The original document
Original source text
F. Jacob & J. Monod · Journal of Molecular Biology 3 (1961), 318–356 · Services de Biochimie Cellulaire et de Génétique Microbienne, Institut Pasteur, Paris
Structural genes and regulator genes
The review opens by splitting the genome's labour in two. Some genes — the structural genes — carry the sequence of a protein: in the lactose system of E. coli these are z, y and a, specifying β-galactosidase, a galactoside permease and a transacetylase. Other genes do nothing but govern: a regulator gene makes a diffusible product whose only function is to control whether the structural genes are read.

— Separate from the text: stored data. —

(* For a prime $p$, integers $M$, $N\ge1$, $s\ge1$ and an integer vector $\mathbf{a}=(a_0,\ldots,a_{s-1})$ let $$S_{s,p}(M,N;\mathbf{a})=\sum_{u=M+1}^{M+N}\mathbf{e}_p\Big(\sum_{j=0}^{s-1}a_j q_p(u+j)\Big).$$ Then for any integer $s\ge1$, $$\max_{\gcd(a_0,\ldots,a_{s-1},p)=1}|S_{s,p}(M,N;\mathbf{a})|\ll s\,p\log p$$ uniformly over integers $M$ and $N$ with $p^2>N\ge1$.
   Context: For a prime $p$ and an integer $u$ with $\gcd(u,p)=1$, the Fermat quotient $q_p(u)$ is the unique integer with $q_p(u)\equiv (u^{p-1}-1)/p \pmod p$ and $0\le q_p(u)\le p-1$; also $q_p(kp)=0$ for all $k\in\mathbb{Z}$. $\mathbf{e}_p(z)=\exp(2\pi i z/p)$. $U\ll V$ means $|U|\le cV$ for some constant $c>0$, which may depend on $s$. *)

theory Defs
  imports "HOL-Analysis.Analysis"
begin

definition fermat_quotient :: "nat \<Rightarrow> int \<Rightarrow> int" where
  "fermat_quotient p u =
     (if int p dvd u then 0 else ((u ^ (p - 1) - 1) div int p) mod int p)"

definition e_p :: "nat \<Rightarrow> int \<Rightarrow> complex" where
  "e_p p z = exp (2 * pi * \<i> * of_int z / of_nat p)"

definition S_sum :: "nat \<Rightarrow> nat \<Rightarrow> int \<Rightarrow> int \<Rightarrow> (nat \<Rightarrow> int) \<Rightarrow> complex" where
  "S_sum s p M N a =
     (\<Sum>u\<in>{M+1..M+N}. e_p p (\<Sum>j<s. a j * fermat_quotient p (u + int j)))"

end

theory Submission
  imports Defs "HOL-Number_Theory.Number_Theory"
begin
lemma relpowp_dist:
  assumes "connected_graph V E" "a \<in> V" "b \<in> V"
  shows "(induced E V ^^ dist V E a b) a b"
proof -
  from assms have "\<exists>n. (induced E V ^^ n) a b"
    by (simp add: connected_graph_def connected_in_iff_rtranclp rtranclp_power)
  from LeastI_ex[OF this] show ?thesis
    using assms(2) by (simp add: dist_eq_Least)
qed

lemma dist_commute:
  assumes "connected_graph V E" "a \<in> V" "b \<in> V"
  shows "dist V E a b = dist V E b a"
proof -
  have "symp (induced E V)"
    using symp_induced[OF connected_graph_symp[OF assms(1)]] .
  then have "dist V E b a \<le> dist V E a b" if "a \<in> V" "b \<in> V" for a b
    using that assms(1) dist_le_relpowp relpowp_dist relpowp_symp by metis
  with assms show ?thesis
    by (simp add: order_antisym)
qed

lemma dist_triangle:
  assumes "connected_graph V E" "a \<in> V" "b \<in> V" "c \<in> V"
  shows "dist V E a c \<le> dist V E a b + dist V E b c"
  using assms by (meson dist_le_relpowp relpowp_dist relpowp_trans)

lemma dist_le_one_if_edge: "graph V E \<Longrightarrow> E a b \<Longrightarrow> dist V E a b \<le> 1"
proof -
  assume "graph V E" "E a b"
  then have "induced E V a b"
    by (rule graph_induced)
  then have "a \<in> V" "(induced E V ^^ 1) a b"
    by (simp_all only: induced_def relpowp_1)
  then show ?thesis
    by (rule dist_le_relpowp)
qed

lemma dist_root_edge_le:
  assumes "connected_graph V E" "s \<in> V" "E x y"
  shows "dist V E s y \<le> Suc (dist V E s x)"
proof -
  have "graph V E"
    using assms(1) by (simp add: connected_graph_def)
  from graph_induced[OF this assms(3)] have "x \<in> V" "y \<in> V"
    by (simp_all add: induced_def)
  then show ?thesis
    using dist_triangle[OF assms(1,2), of x y] dist_le_one_if_edge[OF \<open>graph V E\<close> assms(3)] by simp
qed
lemma coordinate_error_bound:
  fixes u p a Y E :: real
  assumes u: "u > 0" and a: "a \<ge> u"
    and below_root: "u < 1 \<Longrightarrow> 0 \<le> p \<and> p \<le> 1 \<and> (1 - u) * p \<le> exp (- a) \<and> 1 - a \<le> (1 - u) * p"
  shows "(E - (1 - u) * p * Y)\<^sup>2 + 2 * u * p * ((1 - u) * p) * Y\<^sup>2
    \<le> 2 * exp (- a) * (Y - E)\<^sup>2 + 2 * min a 1 * E\<^sup>2"
proof (cases "u < 1")
  case False
  have "(E - (1 - u) * p * Y)\<^sup>2 + 2 * u * p * ((1 - u) * p) * Y\<^sup>2
      = 2 * E\<^sup>2 + 2 * ((1 - u) * (p * Y)\<^sup>2) - (E + (1 - u) * p * Y)\<^sup>2"
    by (simp add: power2_eq_square algebra_simps)
  also have "\<dots> \<le> 2 * E\<^sup>2"
  proof -
    have "(1 - u) * (p * Y)\<^sup>2 \<le> 0" using False by (intro mult_nonpos_nonneg) auto
    thus ?thesis using zero_le_power2[of "E + (1 - u) * p * Y"] by linarith
  qed
  also have "\<dots> \<le> 2 * exp (- a) * (Y - E)\<^sup>2 + 2 * min a 1 * E\<^sup>2"
    using False a by simp
  finally show ?thesis .
next
  case True
  define r where "r = (1 - u) * p"
  have p: "0 \<le> p" "p \<le> 1" and r: "r \<le> exp (- a)" "1 - a \<le> r"
    using below_root[OF True] unfolding r_def by auto
  have "0 \<le> r" using p True unfolding r_def by simp
  have "u * p \<le> 1 - r" using p unfolding r_def by (simp add: algebra_simps)
  hence "2 * u * p * r * Y\<^sup>2 \<le> 2 * (1 - r) * r * Y\<^sup>2"
    using \<open>0 \<le> r\<close> by (intro mult_right_mono) (auto simp: mult_ac)
  hence "(E - r * Y)\<^sup>2 + 2 * u * p * r * Y\<^sup>2
      \<le> 2 * r * (Y - E)\<^sup>2 + 2 * (1 - r) * E\<^sup>2 - (r * (Y - E) - (1 - r) * E)\<^sup>2"
    by (simp add: power2_eq_square algebra_simps)
  also have "\<dots> \<le> 2 * exp (- a) * (Y - E)\<^sup>2 + 2 * min a 1 * E\<^sup>2"
  proof -
    have "r * (Y - E)\<^sup>2 \<le> exp (- a) * (Y - E)\<^sup>2" using r by (intro mult_right_mono) auto
    moreover have "(1 - r) * E\<^sup>2 \<le> min a 1 * E\<^sup>2" using r \<open>0 \<le> r\<close> by (intro mult_right_mono) auto
    ultimately show ?thesis using zero_le_power2[of "r * (Y - E) - (1 - r) * E"] by linarith
  qed
  finally show ?thesis unfolding r_def by (simp add: mult_ac)
qed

The repressor and the operator
That regulatory product is named the repressor. In the absence of an inducer it keeps the structural genes silent — not by acting on each gene, but by binding a single controlling site on the DNA, the operator, that sits at one end of the cluster. Genetics had already pointed the way: operator-constitutive mutants escape control and express the genes whatever the conditions, and they act only on the genes physically next to them on the same chromosome.
The operon
The operator together with the block of structural genes it commands is proposed as a single unit of coordinated expression — christened the operon. Because the whole block is governed through one operator, its genes are switched on and off together; this is why the three lactose enzymes rise and fall in concert.
Induction as derepression
Induction, the paper argues, is simply the lifting of repression. The inducer is a small molecule that combines with the repressor and inactivates it; with the repressor disabled, the operator is freed and the operon is read. The logic is a double negative — the inducer represses the repressor — and it unifies enzyme induction with the mirror-image case of repression, where a small molecule instead activates a repressor to switch a pathway off.
The messenger
For the scheme to work, the structural genes' instructions must reach the protein-making machinery quickly and transiently. Jacob and Monod propose an unstable intermediate — a short-lived 'messenger' RNA, copied from the structural genes and carried to the comparatively stable ribosomes, present only while the operon is on. (The messenger was demonstrated experimentally the same year.)
[ … ]
What is left open
The review is candid that the chemical nature of the repressor is unknown, and that the model is built largely from genetics rather than from isolated molecules. It does not settle how the operator is recognised, nor prove that any of these objects could be purified — questions it hands, explicitly, to the experiments it provokes.